** Records shown follows **
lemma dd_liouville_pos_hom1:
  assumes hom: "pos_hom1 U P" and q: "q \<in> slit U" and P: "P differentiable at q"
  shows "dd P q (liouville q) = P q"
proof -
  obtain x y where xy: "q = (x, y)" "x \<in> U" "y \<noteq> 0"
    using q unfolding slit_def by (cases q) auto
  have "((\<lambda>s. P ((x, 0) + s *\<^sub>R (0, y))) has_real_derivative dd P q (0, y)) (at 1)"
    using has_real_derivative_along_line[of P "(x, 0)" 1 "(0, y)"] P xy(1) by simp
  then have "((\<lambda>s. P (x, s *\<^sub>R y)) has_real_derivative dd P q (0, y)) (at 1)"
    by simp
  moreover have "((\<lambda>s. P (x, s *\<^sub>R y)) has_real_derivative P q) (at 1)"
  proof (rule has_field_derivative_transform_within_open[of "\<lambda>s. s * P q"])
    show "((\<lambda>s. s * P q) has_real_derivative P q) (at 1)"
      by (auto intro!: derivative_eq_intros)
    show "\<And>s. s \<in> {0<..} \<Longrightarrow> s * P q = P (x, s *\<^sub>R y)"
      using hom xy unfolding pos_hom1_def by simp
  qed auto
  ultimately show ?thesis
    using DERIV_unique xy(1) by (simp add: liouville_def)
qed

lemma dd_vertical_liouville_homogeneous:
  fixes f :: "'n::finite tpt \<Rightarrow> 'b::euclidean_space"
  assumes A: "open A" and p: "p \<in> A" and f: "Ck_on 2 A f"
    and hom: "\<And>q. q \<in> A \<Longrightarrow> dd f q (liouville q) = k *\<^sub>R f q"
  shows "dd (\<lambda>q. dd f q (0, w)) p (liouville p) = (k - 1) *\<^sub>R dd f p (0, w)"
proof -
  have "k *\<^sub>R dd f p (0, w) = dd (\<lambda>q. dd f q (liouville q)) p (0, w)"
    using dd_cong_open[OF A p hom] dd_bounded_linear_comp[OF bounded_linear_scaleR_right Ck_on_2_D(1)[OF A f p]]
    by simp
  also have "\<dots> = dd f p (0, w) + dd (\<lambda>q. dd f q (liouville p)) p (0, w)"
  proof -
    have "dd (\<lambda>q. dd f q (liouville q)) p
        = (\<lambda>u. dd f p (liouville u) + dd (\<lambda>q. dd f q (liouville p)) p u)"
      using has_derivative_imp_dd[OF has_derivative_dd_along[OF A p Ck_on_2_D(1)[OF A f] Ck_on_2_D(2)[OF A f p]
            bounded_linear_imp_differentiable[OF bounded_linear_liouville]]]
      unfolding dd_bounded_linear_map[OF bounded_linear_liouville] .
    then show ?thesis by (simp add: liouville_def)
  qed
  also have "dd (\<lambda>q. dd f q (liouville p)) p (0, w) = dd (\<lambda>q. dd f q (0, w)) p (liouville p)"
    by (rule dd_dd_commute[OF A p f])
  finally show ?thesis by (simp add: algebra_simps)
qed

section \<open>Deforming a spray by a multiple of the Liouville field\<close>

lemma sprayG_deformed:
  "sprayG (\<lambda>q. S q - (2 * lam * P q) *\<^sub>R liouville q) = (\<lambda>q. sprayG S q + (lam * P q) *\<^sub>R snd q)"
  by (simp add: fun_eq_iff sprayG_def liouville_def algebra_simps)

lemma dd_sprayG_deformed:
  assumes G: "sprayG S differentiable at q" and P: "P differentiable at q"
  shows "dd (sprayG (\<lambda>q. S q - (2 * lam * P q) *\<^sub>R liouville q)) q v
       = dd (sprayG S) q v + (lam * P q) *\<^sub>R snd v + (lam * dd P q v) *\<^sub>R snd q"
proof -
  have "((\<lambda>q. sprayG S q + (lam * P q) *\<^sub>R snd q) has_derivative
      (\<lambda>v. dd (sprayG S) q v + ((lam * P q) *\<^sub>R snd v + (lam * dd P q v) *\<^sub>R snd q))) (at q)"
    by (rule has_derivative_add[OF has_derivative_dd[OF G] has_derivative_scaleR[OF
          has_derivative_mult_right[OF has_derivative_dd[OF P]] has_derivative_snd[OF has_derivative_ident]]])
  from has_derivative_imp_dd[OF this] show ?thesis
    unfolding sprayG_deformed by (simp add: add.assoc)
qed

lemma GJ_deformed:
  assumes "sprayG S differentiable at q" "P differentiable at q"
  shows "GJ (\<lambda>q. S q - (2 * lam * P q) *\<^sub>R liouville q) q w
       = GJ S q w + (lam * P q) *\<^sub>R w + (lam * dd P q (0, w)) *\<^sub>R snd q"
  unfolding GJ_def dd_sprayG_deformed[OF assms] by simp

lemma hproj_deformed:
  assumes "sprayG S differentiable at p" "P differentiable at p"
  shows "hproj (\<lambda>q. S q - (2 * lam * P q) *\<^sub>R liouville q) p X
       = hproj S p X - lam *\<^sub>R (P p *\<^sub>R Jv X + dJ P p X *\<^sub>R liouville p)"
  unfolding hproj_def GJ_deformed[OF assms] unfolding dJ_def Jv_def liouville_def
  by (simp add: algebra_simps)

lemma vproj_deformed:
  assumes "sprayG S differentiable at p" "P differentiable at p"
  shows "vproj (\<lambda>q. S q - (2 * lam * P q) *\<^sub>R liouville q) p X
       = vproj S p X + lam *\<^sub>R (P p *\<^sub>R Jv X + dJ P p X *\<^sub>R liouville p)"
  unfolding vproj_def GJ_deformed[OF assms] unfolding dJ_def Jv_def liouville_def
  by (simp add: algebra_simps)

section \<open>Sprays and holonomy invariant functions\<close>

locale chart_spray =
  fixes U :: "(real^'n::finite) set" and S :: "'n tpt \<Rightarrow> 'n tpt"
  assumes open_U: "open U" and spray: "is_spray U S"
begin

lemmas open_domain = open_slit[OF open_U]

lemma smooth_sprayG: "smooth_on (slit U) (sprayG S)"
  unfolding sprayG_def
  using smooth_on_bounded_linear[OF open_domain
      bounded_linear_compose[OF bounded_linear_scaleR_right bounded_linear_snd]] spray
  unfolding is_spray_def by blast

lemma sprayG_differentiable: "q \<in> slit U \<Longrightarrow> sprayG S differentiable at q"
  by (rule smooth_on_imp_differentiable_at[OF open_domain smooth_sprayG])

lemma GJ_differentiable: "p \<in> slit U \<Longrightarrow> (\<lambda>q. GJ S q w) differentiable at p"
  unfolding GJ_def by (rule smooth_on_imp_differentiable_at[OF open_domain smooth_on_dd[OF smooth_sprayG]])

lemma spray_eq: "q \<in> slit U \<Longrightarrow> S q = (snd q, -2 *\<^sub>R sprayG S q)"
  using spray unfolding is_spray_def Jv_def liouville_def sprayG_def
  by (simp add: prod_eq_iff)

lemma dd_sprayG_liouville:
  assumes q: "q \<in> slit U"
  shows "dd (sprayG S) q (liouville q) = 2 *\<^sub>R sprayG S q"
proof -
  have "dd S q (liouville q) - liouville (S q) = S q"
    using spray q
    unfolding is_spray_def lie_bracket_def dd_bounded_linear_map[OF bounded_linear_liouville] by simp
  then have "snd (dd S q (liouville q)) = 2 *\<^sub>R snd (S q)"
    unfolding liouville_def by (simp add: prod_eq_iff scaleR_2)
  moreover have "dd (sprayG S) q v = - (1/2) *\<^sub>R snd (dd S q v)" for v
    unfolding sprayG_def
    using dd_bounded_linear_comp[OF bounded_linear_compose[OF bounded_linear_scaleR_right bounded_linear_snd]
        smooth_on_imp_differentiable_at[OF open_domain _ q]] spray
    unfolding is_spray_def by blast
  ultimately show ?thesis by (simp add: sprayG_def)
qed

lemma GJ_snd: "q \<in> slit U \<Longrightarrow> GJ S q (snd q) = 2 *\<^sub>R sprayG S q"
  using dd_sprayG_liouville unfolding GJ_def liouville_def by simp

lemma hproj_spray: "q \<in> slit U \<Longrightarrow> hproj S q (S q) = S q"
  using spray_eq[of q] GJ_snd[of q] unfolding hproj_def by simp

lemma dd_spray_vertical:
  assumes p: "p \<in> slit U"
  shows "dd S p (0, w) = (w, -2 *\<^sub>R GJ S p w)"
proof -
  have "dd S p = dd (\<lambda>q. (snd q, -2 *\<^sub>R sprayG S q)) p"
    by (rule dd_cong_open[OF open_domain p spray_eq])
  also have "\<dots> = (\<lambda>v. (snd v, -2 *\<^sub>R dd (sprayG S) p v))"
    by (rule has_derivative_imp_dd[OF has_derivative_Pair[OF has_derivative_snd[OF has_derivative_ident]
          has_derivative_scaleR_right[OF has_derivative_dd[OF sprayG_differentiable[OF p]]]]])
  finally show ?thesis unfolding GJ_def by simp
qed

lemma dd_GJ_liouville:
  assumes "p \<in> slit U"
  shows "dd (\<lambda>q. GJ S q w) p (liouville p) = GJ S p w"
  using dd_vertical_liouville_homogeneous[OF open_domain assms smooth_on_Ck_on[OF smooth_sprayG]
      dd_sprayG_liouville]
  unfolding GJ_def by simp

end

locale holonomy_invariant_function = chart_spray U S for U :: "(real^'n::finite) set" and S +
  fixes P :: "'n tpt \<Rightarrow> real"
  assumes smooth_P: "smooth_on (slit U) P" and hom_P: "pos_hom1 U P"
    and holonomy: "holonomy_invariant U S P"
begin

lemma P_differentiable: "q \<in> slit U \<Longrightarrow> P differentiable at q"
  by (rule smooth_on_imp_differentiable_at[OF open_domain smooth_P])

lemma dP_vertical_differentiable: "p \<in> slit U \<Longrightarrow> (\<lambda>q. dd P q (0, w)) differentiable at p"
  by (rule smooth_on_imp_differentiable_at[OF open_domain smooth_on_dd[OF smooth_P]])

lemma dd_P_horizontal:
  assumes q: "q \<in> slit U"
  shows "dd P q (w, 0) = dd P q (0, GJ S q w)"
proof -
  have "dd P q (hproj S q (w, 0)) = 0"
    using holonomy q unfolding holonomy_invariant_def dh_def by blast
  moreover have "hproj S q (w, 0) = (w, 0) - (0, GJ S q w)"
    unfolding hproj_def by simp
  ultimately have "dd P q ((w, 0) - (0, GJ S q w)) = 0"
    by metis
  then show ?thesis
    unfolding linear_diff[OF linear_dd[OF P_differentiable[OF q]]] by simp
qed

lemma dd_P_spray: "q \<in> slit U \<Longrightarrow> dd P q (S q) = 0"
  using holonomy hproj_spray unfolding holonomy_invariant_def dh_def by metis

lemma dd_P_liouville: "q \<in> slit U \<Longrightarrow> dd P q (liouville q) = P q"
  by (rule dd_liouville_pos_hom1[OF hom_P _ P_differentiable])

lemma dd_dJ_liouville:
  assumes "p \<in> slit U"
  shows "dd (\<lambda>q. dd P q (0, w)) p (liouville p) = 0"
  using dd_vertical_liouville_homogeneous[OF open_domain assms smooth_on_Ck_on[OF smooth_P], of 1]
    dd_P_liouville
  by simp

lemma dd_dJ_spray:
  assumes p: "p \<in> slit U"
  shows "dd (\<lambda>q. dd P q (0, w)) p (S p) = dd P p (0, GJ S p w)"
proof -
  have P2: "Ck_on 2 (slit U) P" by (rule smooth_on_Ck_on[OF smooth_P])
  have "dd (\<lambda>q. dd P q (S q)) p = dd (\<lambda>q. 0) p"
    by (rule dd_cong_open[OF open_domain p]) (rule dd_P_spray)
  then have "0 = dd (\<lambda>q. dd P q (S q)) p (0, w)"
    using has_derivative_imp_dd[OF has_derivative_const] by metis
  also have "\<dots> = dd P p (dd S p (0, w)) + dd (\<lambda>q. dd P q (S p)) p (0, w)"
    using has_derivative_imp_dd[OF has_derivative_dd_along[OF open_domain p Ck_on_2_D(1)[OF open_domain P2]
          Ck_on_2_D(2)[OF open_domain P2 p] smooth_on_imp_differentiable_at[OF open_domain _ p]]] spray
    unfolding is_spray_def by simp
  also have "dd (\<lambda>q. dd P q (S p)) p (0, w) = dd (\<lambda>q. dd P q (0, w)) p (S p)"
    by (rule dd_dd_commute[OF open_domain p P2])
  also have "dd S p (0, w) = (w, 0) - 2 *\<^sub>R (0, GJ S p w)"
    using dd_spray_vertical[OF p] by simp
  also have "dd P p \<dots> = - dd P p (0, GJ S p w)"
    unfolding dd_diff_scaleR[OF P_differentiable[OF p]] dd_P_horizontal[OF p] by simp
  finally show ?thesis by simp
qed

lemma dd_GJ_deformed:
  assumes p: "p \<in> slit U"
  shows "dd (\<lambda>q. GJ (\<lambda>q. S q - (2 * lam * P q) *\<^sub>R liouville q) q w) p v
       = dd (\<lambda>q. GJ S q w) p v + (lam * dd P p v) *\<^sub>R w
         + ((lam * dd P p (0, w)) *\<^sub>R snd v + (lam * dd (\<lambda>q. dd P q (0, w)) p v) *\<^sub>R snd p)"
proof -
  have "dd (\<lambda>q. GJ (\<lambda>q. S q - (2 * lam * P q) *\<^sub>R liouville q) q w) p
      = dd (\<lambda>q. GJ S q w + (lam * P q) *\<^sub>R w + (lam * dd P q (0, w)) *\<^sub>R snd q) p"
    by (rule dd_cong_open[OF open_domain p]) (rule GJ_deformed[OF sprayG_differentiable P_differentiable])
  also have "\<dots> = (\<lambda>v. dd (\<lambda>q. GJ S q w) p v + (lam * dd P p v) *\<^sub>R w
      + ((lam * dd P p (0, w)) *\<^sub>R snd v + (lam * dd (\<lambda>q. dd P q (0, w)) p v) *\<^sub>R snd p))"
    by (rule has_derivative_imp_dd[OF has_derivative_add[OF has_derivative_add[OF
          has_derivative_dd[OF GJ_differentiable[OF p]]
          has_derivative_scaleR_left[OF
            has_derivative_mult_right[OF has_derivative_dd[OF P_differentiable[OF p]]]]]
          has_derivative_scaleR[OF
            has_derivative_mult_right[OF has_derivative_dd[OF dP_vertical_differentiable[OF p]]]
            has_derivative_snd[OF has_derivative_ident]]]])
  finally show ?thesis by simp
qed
** End of Records shown **
On how many lines above does "close" occur? Say the number only.

2